Table 3.6. Estimates and Standard Errors for Logit Model
of Contraceptive Use with a Linear Effect of Age
Parameter | Symbol | Estimate | Std. Error | \(z\)-ratio |
Constant | \(\alpha\) | \(-\)2.673 | 0.233 | \(-\)11.46 |
Age (linear) | \(\beta\) | 0.061 | 0.007 | 8.54 |
The slope indicates that the logit of the probability of using contraception increases 0.061 for every year of age. Exponentiating this value we note that the odds of using contraception are multiplied by 1.063—that is, increase 6.3%—for every year of age. Note, by the way, that \( e^\beta \approx 1+\beta \) for small \( |\beta| \). Thus, when the logit coefficient is small in magnitude, \( 100\beta \) provides a quick approximation to the percent change in the odds associated with a unit change in the predictor. In this example the effect is 6.3% and the approximation is 6.1%.

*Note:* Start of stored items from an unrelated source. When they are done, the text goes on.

lemma exists_adversary_instance_ratio_gt_of_smallo:
  fixes g :: "real \<Rightarrow> real"
  assumes "randomized_algorithm M A" "\<mu> \<ge> 1" "0 \<le> \<beta>" "\<beta> < \<mu> / 2" "g \<in> o(\<lambda>x. x)"
    and g_bound: "\<And>I. valid_instance I \<Longrightarrow> exp_migrated M A I \<le> ennreal (g (total_size I))"
  obtains k m f where "k \<ge> 2" "m > 0" "f \<in> survivor_choices m k"
    and "ennreal \<beta> * OPT (adversary_instance k m \<mu> f) < exp_cost M A (adversary_instance k m \<mu> f)"
proof -
  define k where "k = max 2 (nat \<lceil>4 * \<beta> * (\<mu> - 1)\<rceil>)"
  have "k \<ge> 2" "4 * \<beta> * (\<mu> - 1) \<le> real k"
    unfolding k_def by linarith+
  define \<delta> where "\<delta> = 1 / (4 * (\<mu> - 1) * real k + 1)"
  have "0 < 4 * (\<mu> - 1) * real k + 1"
    using assms(2) by (intro add_nonneg_pos) simp_all
  then have "\<delta> > 0" "(\<mu> - 1) * real k * \<delta> \<le> 1 / 4"
    by (simp_all add: \<delta>_def field_simps)
  then obtain N where N: "\<And>n. n \<ge> N \<Longrightarrow> g (real n) \<le> \<delta> * real n"
    using smallo_id_eventually_le[OF assms(5)] unfolding eventually_sequentially by blast
  define m where "m = k * Suc N"
  have "m > 0" "N \<le> m"
    using \<open>k \<ge> 2\<close> mult_le_mono1[of 1 k "Suc N"] by (auto simp: m_def)
  have "exp_migrated M A (adversary_instance k m \<mu> f) \<le> ennreal (\<delta> * real m)" for f
  proof -
    have "valid_instance (adversary_instance k m \<mu> f)"
      using \<open>k \<ge> 2\<close> assms(2) by (intro valid_adversary_instance) auto
    then have "exp_migrated M A (adversary_instance k m \<mu> f)
        \<le> ennreal (g (total_size (adversary_instance k m \<mu> f)))"
      by (rule g_bound)
    also have "total_size (adversary_instance k m \<mu> f) = real m"
      using \<open>k \<ge> 2\<close> by (intro total_size_adversary_instance) simp
    also have "ennreal (g (real m)) \<le> ennreal (\<delta> * real m)"
      using N[OF \<open>N \<le> m\<close>] by (rule ennreal_leI)
    finally show ?thesis .
  qed
  then show ?thesis
    using exists_adversary_instance_ratio_gt[OF assms(1-4) _ _ m_def \<open>m > 0\<close> _ \<open>(\<mu> - 1) * real k * \<delta> \<le> 1 / 4\<close>]
      that \<open>k \<ge> 2\<close> \<open>4 * \<beta> * (\<mu> - 1) \<le> real k\<close> \<open>m > 0\<close> \<open>\<delta> > 0\<close> by fastforce
qed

To test the significance of the slope we can use the Wald test, which gives a \( z \) statistic of 8.54 or equivalently a chi-squared of 73.9 on one d.f. Alternatively, we can construct a likelihood ratio test by comparing this model with the null model. The difference in deviances is 76.8 on one d.f. Comparing these results with those in the previous subsection shows that we have captured most of the age effect using a single degree of freedom.
Figure 3.2 Observed and Fitted Logits for Model of
Contraceptive Use with a Linear Effect of Age
Adding the estimated constant to the product of the slope by the mid-points of the age groups gives estimated logits at each age, and these may be compared with the logits of the observed proportions using contraception. The results of this exercise appear in Figure 3.2. The visual impression of the graph confirms that the fit is quite good. In this example the assumption of linear effects on the logit scale leads to a simple and parsimonious model. It would probably be worthwhile to re-estimate this model using the individual ages.